» **TASK TO CARRY OUT**: Report every line from the following entries that contains the string "with".

» **DATA**:
lemma transpose_smult_mat: "transpose_mat (k \<cdot>\<^sub>m A) = k \<cdot>\<^sub>m transpose_mat A"
  by (intro eq_matI) auto

lemmas mat_algebra_dim = assoc_mult_mat_dim transpose_mult_dim mult_smult_assoc_dim
  mult_smult_distrib_dim add_mult_distrib_dim mult_add_distrib_dim minus_mult_distrib_dim
  mult_minus_distrib_dim transpose_add_dim transpose_minus_dim transpose_smult_mat

lemma mult_unit_vec_index:
  assumes "A \<in> carrier_mat nr nc" "i < nr" "j < nc"
  shows "(A *\<^sub>v unit_vec nc j) $ i = (A $$ (i, j) :: 'a :: comm_ring_1)"
proof -
  have "(A *\<^sub>v unit_vec nc j) $ i = (\<Sum>l\<in>{0..<nc}. A $$ (i, l) * (if l = j then 1 else 0))"
    using assms by (simp add: scalar_prod_def unit_vec_def)
  also have "\<dots> = (\<Sum>l\<in>{0..<nc}. if l = j then A $$ (i, l) else 0)"
    by (rule sum.cong) auto
  also have "\<dots> = A $$ (i, j)" using assms by simp
  finally show ?thesis .
qed

lemma eq_matI_mult_vec:
  assumes "A \<in> carrier_mat nr nc" "B \<in> carrier_mat nr nc"
    "\<And>v. v \<in> carrier_vec nc \<Longrightarrow> A *\<^sub>v v = B *\<^sub>v (v :: 'a :: comm_ring_1 vec)"
  shows "A = B"
proof (rule eq_matI)
  fix i j assume "i < dim_row B" "j < dim_col B"
  then show "A $$ (i, j) = B $$ (i, j)"
    using assms mult_unit_vec_index[of A nr nc i j] mult_unit_vec_index[of B nr nc i j] by simp
qed (use assms in auto)

lemma eq_mat_of_minus_eq_zero:
  assumes "A \<in> carrier_mat r c" "B \<in> carrier_mat r c" "A - B = 0\<^sub>m r c"
  shows "A = (B :: 'a :: ab_group_add mat)"
proof (rule eq_matI)
  fix i j assume "i < dim_row B" "j < dim_col B"
  then have "(A - B) $$ (i, j) = 0" using assms by simp
  with \<open>i < dim_row B\<close> \<open>j < dim_col B\<close> show "A $$ (i, j) = B $$ (i, j)" by simp
qed (use assms in auto)

lemma eq_vec_of_minus_eq_zero:
  assumes "a \<in> carrier_vec k" "b \<in> carrier_vec k" "a - b = 0\<^sub>v k"
  shows "a = (b :: 'a :: ab_group_add vec)"
proof (rule eq_vecI)
  fix i assume "i < dim_vec b"
  then have "(a - b) $ i = 0" using assms by simp
  with \<open>i < dim_vec b\<close> show "a $ i = b $ i" by simp
qed (use assms in auto)

lemma transpose_mult_self_eq_zero:
  fixes Z :: "real mat"
  assumes Z: "Z \<in> carrier_mat a b" and ZZ: "transpose_mat Z * Z = 0\<^sub>m b b"
  shows "Z = 0\<^sub>m a b"
proof (rule eq_matI)
  fix i j assume i: "i < dim_row (0\<^sub>m a b :: real mat)" and j: "j < dim_col (0\<^sub>m a b :: real mat)"
  have "(\<Sum>l\<in>{0..<a}. Z $$ (l, j) * Z $$ (l, j)) = (transpose_mat Z * Z) $$ (j, j)"
    using Z i j by (simp add: scalar_prod_def)
  also have "\<dots> = 0" using ZZ i j by simp
  finally have "\<forall>l\<in>{0..<a}. Z $$ (l, j) * Z $$ (l, j) = 0"
    by (subst sum_nonneg_eq_0_iff[symmetric]) auto
  then show "Z $$ (i, j) = 0\<^sub>m a b $$ (i, j)" using i j by simp
qed (use Z in auto)

lemma pow_mat_Suc_left:
  assumes N: "N \<in> carrier_mat k k"
  shows "N ^\<^sub>m Suc j = N * N ^\<^sub>m j"
proof (induction j)
  case (Suc j)
  have "N ^\<^sub>m Suc (Suc j) = (N * N ^\<^sub>m j) * N" using Suc by simp
  also have "\<dots> = N * (N ^\<^sub>m j * N)" using N by (simp add: assoc_mult_mat_dim)
  finally show ?case by simp
qed (use N in simp)

lemma pow_mat_add:
  assumes N: "N \<in> carrier_mat k k"
  shows "N ^\<^sub>m (a + b) = N ^\<^sub>m a * N ^\<^sub>m b"
proof (induction b)
  case (Suc b)
  have "N ^\<^sub>m (a + Suc b) = (N ^\<^sub>m a * N ^\<^sub>m b) * N" using Suc by simp
  also have "\<dots> = N ^\<^sub>m a * (N ^\<^sub>m b * N)" using N by (simp add: assoc_mult_mat_dim)
  finally show ?case by simp
qed (use N in simp)

lemma pow_mat_commute:
  assumes N: "N \<in> carrier_mat k k" and Y: "Y \<in> carrier_mat k k" and YN: "Y * N = N * Y"
  shows "Y * N ^\<^sub>m j = N ^\<^sub>m j * Y"
proof (induction j)
  case (Suc j)
  have "Y * N ^\<^sub>m Suc j = (Y * N ^\<^sub>m j) * N" using N Y by (simp add: assoc_mult_mat_dim)
  also have "\<dots> = N ^\<^sub>m j * (Y * N)" using Suc N Y by (simp add: assoc_mult_mat_dim)
  also have "\<dots> = N ^\<^sub>m Suc j * Y" using YN N Y by (simp add: assoc_mult_mat_dim)
  finally show ?case .
qed (use N Y in simp)

lemma transpose_pow_mat_sym:
  assumes N: "(N :: real mat) \<in> carrier_mat k k" and sym: "transpose_mat N = N"
  shows "transpose_mat (N ^\<^sub>m j) = N ^\<^sub>m j"
proof (induction j)
  case (Suc j)
  have "transpose_mat (N ^\<^sub>m Suc j) = transpose_mat N * transpose_mat (N ^\<^sub>m j)"
    using N by (simp add: transpose_mult_dim)
  also have "\<dots> = N ^\<^sub>m Suc j" using Suc sym pow_mat_Suc_left[OF N] by simp
  finally show ?case .
qed (use N in simp)

section \<open>The Moore--Penrose inverse\<close>

definition is_mp_inverse :: "real mat \<Rightarrow> real mat \<Rightarrow> bool" where
  "is_mp_inverse M X \<longleftrightarrow> X \<in> carrier_mat (dim_col M) (dim_row M) \<and> M * X * M = M \<and>
     X * M * X = X \<and> transpose_mat (M * X) = M * X \<and> transpose_mat (X * M) = X * M"

lemma is_mp_inverse_carrier: "is_mp_inverse M X \<Longrightarrow> M \<in> carrier_mat r c \<Longrightarrow> X \<in> carrier_mat c r"
  unfolding is_mp_inverse_def by auto

lemma is_mp_inverse_unique:
  assumes X: "is_mp_inverse M X" and Y: "is_mp_inverse M Y"
  shows "X = Y"
proof -
  have d: "dim_row X = dim_col M" "dim_col X = dim_row M" "dim_row Y = dim_col M" "dim_col Y = dim_row M"
    using X Y unfolding is_mp_inverse_def by auto
  from X have x1: "M * X * M = M" and x2: "X * M * X = X" and x3: "transpose_mat (M * X) = M * X"
    and x4: "transpose_mat (X * M) = X * M" unfolding is_mp_inverse_def by auto
  from Y have y1: "M * Y * M = M" and y2: "Y * M * Y = Y" and y3: "transpose_mat (M * Y) = M * Y"
    and y4: "transpose_mat (Y * M) = Y * M" unfolding is_mp_inverse_def by auto
  have MX: "transpose_mat X * transpose_mat M = M * X" using x3 by (simp add: transpose_mult_dim d)
  have MY: "transpose_mat Y * transpose_mat M = M * Y" using y3 by (simp add: transpose_mult_dim d)
  have XM: "transpose_mat M * transpose_mat X = X * M" using x4 by (simp add: transpose_mult_dim d)
  have YM: "transpose_mat M * transpose_mat Y = Y * M" using y4 by (simp add: transpose_mult_dim d)
  have MYM: "transpose_mat M = transpose_mat M * (transpose_mat Y * transpose_mat M)"
    using arg_cong[OF y1, of transpose_mat] by (simp add: transpose_mult_dim d)
  have MXM: "transpose_mat M = (transpose_mat M * transpose_mat X) * transpose_mat M"
    using arg_cong[OF x1, of transpose_mat] by (simp add: transpose_mult_dim assoc_mult_mat_dim d)
  have "X = X * (transpose_mat X * transpose_mat M)" using x2 MX by (simp add: assoc_mult_mat_dim d)
  also have "\<dots> = X * (transpose_mat X * (transpose_mat M * (transpose_mat Y * transpose_mat M)))"
    using MYM by simp
  also have "\<dots> = X * ((transpose_mat X * transpose_mat M) * (transpose_mat Y * transpose_mat M))"
    by (simp add: assoc_mult_mat_dim d)
  also have "\<dots> = (X * M * X) * M * Y" unfolding MX MY by (simp add: assoc_mult_mat_dim d)
  finally have XMY: "X = X * M * Y" unfolding x2 .
  have "Y = (transpose_mat M * transpose_mat Y) * Y" using y2 YM by simp
  also have "\<dots> = (((transpose_mat M * transpose_mat X) * transpose_mat M) * transpose_mat Y) * Y"
    using MXM by simp
  also have "\<dots> = ((transpose_mat M * transpose_mat X) * (transpose_mat M * transpose_mat Y)) * Y"
    by (simp add: assoc_mult_mat_dim d)
  also have "\<dots> = X * M * (Y * M * Y)" unfolding XM YM by (simp add: assoc_mult_mat_dim d)
  finally show ?thesis unfolding y2 XMY[symmetric] by simp
qed

text \<open>Existence: \<open>N = M\<^sup>TM\<close> is annihilated by a nonzero polynomial, since its first
  \<open>k\<^sup>2 + 1\<close> powers are linearly dependent. Powers of \<open>N\<close> can be cancelled from such a
  polynomial identity because \<open>N\<^sup>eU = 0\<close> implies \<open>NU = 0\<close> for symmetric \<open>U\<close> commuting
  with \<open>N\<close>; this produces a polynomial \<open>Y\<close> in \<open>N\<close> with \<open>N\<^sup>2Y = N\<close>, and then \<open>(YNY)M\<^sup>T\<close>
  is the Moore--Penrose inverse of \<open>M\<close>.\<close>

definition sym_commuting :: "real mat \<Rightarrow> nat \<Rightarrow> real mat \<Rightarrow> bool" where
  "sym_commuting N k Y \<longleftrightarrow> Y \<in> carrier_mat k k \<and> transpose_mat Y = Y \<and> Y * N = N * Y"

fun horner_mat :: "(nat \<Rightarrow> real) \<Rightarrow> nat \<Rightarrow> real mat \<Rightarrow> real mat" where
  "horner_mat c 0 N = 0\<^sub>m (dim_row N) (dim_row N)"
| "horner_mat c (Suc d) N = c 0 \<cdot>\<^sub>m 1\<^sub>m (dim_row N) + N * horner_mat (\<lambda>i. c (Suc i)) d N"

lemma horner_mat_carrier: "N \<in> carrier_mat k k \<Longrightarrow> horner_mat c d N \<in> carrier_mat k k"
  by (induction d arbitrary: c) auto

lemma horner_mat_sym_commuting:
  assumes N: "N \<in> carrier_mat k k" and sym: "transpose_mat N = N"
  shows "sym_commuting N k (horner_mat c d N)"
proof (induction d arbitrary: c)
  case (Suc d)
  let ?q = "horner_mat (\<lambda>i. c (Suc i)) d N"
  from Suc[of "\<lambda>i. c (Suc i)"]
  have q: "?q \<in> carrier_mat k k" "transpose_mat ?q = ?q" "?q * N = N * ?q"
    unfolding sym_commuting_def by auto
  have d: "dim_row N = k" "dim_col N = k" "dim_row ?q = k" "dim_col ?q = k" using N q by auto
  have "transpose_mat (horner_mat c (Suc d) N) = horner_mat c (Suc d) N"
    using q sym by (simp add: mat_algebra_dim d)
  moreover have "horner_mat c (Suc d) N * N = N * horner_mat c (Suc d) N"
    using q by (simp add: mat_algebra_dim d)
  ultimately show ?case using N q unfolding sym_commuting_def by (simp add: d)
qed (use N in \<open>auto simp: sym_commuting_def\<close>)

lemma horner_mat_index:
  assumes N: "N \<in> carrier_mat k k" and a: "a < k" and b: "b < k"
  shows "horner_mat c d N $$ (a, b) = (\<Sum>j<d. c j * (N ^\<^sub>m j) $$ (a, b))"
  using a b
proof (induction d arbitrary: c a b)
  case (Suc d)
  let ?q = "horner_mat (\<lambda>i. c (Suc i)) d N"
  have d: "dim_row N = k" "dim_col N = k" "dim_row ?q = k" "dim_col ?q = k"
    using N horner_mat_carrier[OF N] by auto
  have Npow: "(N ^\<^sub>m Suc j) $$ (a, b) = (\<Sum>l\<in>{0..<k}. N $$ (a, l) * (N ^\<^sub>m j) $$ (l, b))" for j
    using pow_mat_Suc_left[OF N] Suc.prems d N by (simp add: scalar_prod_def)
  have "(N * ?q) $$ (a, b) = (\<Sum>l\<in>{0..<k}. N $$ (a, l) * (\<Sum>j<d. c (Suc j) * (N ^\<^sub>m j) $$ (l, b)))"
    using Suc d by (simp add: scalar_prod_def)
  also have "\<dots> = (\<Sum>j<d. c (Suc j) * (N ^\<^sub>m Suc j) $$ (a, b))"
    unfolding Npow
    by (simp add: sum_distrib_left sum_distrib_right mult_ac sum.swap[of _ "{0..<k}"])
  finally have "(N * ?q) $$ (a, b) = (\<Sum>j<d. c (Suc j) * (N ^\<^sub>m Suc j) $$ (a, b))" .
  moreover have "horner_mat c (Suc d) N $$ (a, b) = c 0 * 1\<^sub>m k $$ (a, b) + (N * ?q) $$ (a, b)"
    using Suc.prems d by simp
  ultimately show ?case unfolding sum.lessThan_Suc_shift using Suc.prems d by simp
qed (use N in simp)

lemma exists_annihilating_horner_mat:
  assumes N: "N \<in> carrier_mat k k"
  obtains c d where "\<exists>j<d. c j \<noteq> 0" and "horner_mat c d N = 0\<^sub>m k k"
proof -
  define K where "K = k * k"
  define D where "D = Suc K"
  define Powers :: "real mat"
    where "Powers = mat D D (\<lambda>(i, j). if i < K then (N ^\<^sub>m j) $$ (i div k, i mod k) else 0)"
  have Powers: "Powers \<in> carrier_mat D D" unfolding Powers_def by simp
  have KD: "K < D" unfolding D_def by simp
  \<comment> \<open>column \<open>j\<close> of \<open>Powers\<close> lists the entries of \<open>N\<^sup>j\<close>; the extra zero row makes it singular\<close>
  have "transpose_mat Powers *\<^sub>v unit_vec D K = 0\<^sub>v D"
    using Powers KD by (intro eq_vecI) (auto simp: mult_unit_vec_index[of _ D D] Powers_def)
  then have "det (transpose_mat Powers) = 0"
    using det_0_iff_vec_prod_zero_field[of "transpose_mat Powers" D] Powers KD
    by (metis transpose_carrier_mat unit_vec_carrier unit_vec_nonzero)
  then have "det Powers = 0" using det_transpose[OF Powers] by simp
  then obtain v where v: "v \<in> carrier_vec D" "v \<noteq> 0\<^sub>v D" "Powers *\<^sub>v v = 0\<^sub>v D"
    using det_0_iff_vec_prod_zero_field[OF Powers] by auto
  have nz: "\<exists>j<D. v $ j \<noteq> 0"
    using v(1,2) by (metis carrier_vecD eq_vecI index_zero_vec(1,2))
  have "horner_mat (\<lambda>j. v $ j) D N = 0\<^sub>m k k"
  proof (rule eq_matI)
    fix a b assume "a < dim_row (0\<^sub>m k k :: real mat)" "b < dim_col (0\<^sub>m k k :: real mat)"
    then have a: "a < k" and b: "b < k" by auto
    define i where "i = a * k + b"
    have "a * k + b < (a + 1) * k" using b by simp
    also have "\<dots> \<le> k * k" using a by (intro mult_right_mono) auto
    finally have iK: "i < K" unfolding i_def K_def .
    have idx: "i div k = a" "i mod k = b" unfolding i_def using b by auto
    have "0 = (Powers *\<^sub>v v) $ i" using v(3) iK KD by simp
    also have "\<dots> = (\<Sum>j\<in>{0..<D}. Powers $$ (i, j) * v $ j)"
      using Powers v(1) iK KD by (simp add: scalar_prod_def)
    also have "\<dots> = (\<Sum>j<D. v $ j * (N ^\<^sub>m j) $$ (a, b))"
      unfolding Powers_def using iK KD idx by (auto intro!: sum.cong simp: mult.commute atLeast0LessThan)
    also have "\<dots> = horner_mat (\<lambda>j. v $ j) D N $$ (a, b)" using horner_mat_index[OF N a b] by simp
    finally show "horner_mat (\<lambda>j. v $ j) D N $$ (a, b) = 0\<^sub>m k k $$ (a, b)" using a b by simp
  qed (use horner_mat_carrier[OF N] in auto)
  with nz show ?thesis using that by blast
qed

» **COMPLETED EXERCISE**:
  with \<open>i < dim_row B\<close> \<open>j < dim_col B\<close> show "A $$ (i, j) = B $$ (i, j)" by simp
  with \<open>i < dim_vec b\<close> show "a $ i = b $ i" by simp
  with \<open>N\<close>; this produces a polynomial \<open>Y\<close> in \<open>N\<close> with \<open>N\<^sup>2Y = N\<close>, and then \<open>(YNY)M\<^sup>T\<close>
  with nz show ?thesis using that by blast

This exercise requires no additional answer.